WHAT TO DO
Copy nothing but the lines below running from the line containing "(\<Sum>z\<in>cover. 1 /" through the line containing "card_cycle_of_lift_face by simp", both end lines included.
***** SUPPLIED RECORDS *****
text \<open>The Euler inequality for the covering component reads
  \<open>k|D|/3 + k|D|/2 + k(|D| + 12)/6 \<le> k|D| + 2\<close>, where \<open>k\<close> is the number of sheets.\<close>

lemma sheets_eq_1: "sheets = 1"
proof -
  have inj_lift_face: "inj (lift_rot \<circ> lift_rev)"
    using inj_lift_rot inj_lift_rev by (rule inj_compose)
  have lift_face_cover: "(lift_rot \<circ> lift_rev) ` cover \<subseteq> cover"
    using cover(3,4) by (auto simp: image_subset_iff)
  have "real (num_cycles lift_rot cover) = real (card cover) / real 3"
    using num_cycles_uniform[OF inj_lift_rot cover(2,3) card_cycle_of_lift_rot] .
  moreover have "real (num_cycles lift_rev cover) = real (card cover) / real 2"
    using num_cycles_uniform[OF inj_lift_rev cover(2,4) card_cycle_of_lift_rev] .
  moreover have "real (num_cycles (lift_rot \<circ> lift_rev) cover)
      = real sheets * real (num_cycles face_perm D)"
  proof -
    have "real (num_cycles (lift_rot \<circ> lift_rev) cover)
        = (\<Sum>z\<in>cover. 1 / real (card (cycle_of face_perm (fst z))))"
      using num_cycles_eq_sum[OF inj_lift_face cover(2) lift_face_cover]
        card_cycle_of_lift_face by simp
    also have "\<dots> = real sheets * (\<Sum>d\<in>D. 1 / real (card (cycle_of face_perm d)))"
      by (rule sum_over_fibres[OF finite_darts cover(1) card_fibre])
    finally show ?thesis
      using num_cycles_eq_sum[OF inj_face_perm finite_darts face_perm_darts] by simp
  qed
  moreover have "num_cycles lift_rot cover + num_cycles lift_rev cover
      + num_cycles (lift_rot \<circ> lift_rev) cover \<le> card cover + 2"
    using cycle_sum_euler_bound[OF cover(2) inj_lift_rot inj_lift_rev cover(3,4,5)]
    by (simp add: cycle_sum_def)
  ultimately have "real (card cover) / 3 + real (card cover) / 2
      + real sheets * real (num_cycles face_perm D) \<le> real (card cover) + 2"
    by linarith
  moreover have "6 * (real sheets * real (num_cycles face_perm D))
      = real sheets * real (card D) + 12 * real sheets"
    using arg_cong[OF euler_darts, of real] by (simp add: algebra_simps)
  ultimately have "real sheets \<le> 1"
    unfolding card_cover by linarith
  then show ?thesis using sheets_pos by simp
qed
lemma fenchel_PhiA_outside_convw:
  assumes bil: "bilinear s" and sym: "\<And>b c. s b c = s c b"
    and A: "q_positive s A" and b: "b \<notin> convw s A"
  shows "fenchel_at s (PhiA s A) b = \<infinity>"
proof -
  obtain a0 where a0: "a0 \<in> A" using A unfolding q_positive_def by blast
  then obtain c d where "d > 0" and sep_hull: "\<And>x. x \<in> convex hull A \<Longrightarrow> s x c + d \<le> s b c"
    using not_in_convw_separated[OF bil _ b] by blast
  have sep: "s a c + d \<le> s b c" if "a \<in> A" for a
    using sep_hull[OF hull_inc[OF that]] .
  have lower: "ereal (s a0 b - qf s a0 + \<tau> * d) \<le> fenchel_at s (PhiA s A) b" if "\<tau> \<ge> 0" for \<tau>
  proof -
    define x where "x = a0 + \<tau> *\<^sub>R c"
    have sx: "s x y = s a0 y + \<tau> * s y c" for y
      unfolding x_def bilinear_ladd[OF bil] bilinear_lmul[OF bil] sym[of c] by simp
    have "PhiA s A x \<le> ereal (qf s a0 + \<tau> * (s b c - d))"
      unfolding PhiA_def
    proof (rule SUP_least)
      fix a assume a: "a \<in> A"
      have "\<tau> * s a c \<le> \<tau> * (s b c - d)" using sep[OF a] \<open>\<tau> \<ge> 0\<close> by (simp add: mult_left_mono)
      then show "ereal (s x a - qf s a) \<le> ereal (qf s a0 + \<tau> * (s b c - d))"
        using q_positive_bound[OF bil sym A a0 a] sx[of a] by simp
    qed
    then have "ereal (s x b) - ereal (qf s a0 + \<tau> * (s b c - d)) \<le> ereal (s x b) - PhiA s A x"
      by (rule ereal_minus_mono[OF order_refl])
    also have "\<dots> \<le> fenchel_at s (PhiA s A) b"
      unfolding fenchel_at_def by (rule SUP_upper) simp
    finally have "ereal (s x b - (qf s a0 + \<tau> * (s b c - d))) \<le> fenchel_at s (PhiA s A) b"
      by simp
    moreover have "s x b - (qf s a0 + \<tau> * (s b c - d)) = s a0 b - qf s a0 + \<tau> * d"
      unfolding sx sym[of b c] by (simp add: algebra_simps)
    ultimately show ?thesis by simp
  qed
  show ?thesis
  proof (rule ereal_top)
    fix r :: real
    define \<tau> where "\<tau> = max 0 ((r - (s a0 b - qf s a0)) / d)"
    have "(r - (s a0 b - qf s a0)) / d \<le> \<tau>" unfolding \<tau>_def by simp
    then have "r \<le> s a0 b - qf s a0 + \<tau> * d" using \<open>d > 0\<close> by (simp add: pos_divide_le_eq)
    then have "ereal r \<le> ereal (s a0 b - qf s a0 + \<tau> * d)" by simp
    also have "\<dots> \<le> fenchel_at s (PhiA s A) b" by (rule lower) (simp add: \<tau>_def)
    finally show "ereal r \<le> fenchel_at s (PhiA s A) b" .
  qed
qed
*****
***** SUPPLIED RECORDS *****
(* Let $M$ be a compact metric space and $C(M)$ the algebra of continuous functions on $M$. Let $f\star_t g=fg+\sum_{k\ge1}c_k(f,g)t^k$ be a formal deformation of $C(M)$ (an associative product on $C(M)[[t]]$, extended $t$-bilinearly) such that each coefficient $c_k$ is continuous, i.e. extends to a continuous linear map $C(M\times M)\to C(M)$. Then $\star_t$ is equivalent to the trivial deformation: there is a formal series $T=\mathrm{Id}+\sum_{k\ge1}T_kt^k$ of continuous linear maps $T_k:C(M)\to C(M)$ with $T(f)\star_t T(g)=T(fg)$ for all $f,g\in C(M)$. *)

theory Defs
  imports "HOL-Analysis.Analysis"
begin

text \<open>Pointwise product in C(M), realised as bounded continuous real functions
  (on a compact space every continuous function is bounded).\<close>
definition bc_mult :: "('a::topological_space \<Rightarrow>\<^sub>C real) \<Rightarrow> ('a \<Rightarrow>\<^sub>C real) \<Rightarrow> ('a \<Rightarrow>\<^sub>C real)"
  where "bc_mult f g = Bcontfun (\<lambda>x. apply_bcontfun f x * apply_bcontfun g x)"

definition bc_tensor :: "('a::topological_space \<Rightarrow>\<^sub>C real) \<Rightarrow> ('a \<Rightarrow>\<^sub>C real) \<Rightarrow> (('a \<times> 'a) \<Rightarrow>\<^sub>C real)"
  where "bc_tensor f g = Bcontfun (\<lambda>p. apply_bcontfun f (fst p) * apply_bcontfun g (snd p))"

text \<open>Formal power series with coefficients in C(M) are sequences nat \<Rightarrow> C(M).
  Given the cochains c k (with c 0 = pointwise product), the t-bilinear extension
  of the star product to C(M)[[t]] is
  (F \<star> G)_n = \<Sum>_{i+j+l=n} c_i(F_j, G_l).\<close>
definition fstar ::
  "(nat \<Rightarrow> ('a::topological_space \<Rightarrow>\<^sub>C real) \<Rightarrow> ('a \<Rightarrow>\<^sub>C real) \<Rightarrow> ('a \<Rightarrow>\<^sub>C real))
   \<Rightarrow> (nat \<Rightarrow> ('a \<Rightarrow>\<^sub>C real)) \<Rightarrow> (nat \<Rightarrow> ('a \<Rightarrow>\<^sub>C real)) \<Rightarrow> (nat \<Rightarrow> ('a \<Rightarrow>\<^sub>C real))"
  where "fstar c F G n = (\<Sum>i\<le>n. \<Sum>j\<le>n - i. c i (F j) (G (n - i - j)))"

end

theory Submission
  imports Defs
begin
*****
ANSWER BOX
        = (\<Sum>z\<in>cover. 1 / real (card (cycle_of face_perm (fst z))))"
      using num_cycles_eq_sum[OF inj_lift_face cover(2) lift_face_cover]
        card_cycle_of_lift_face by simp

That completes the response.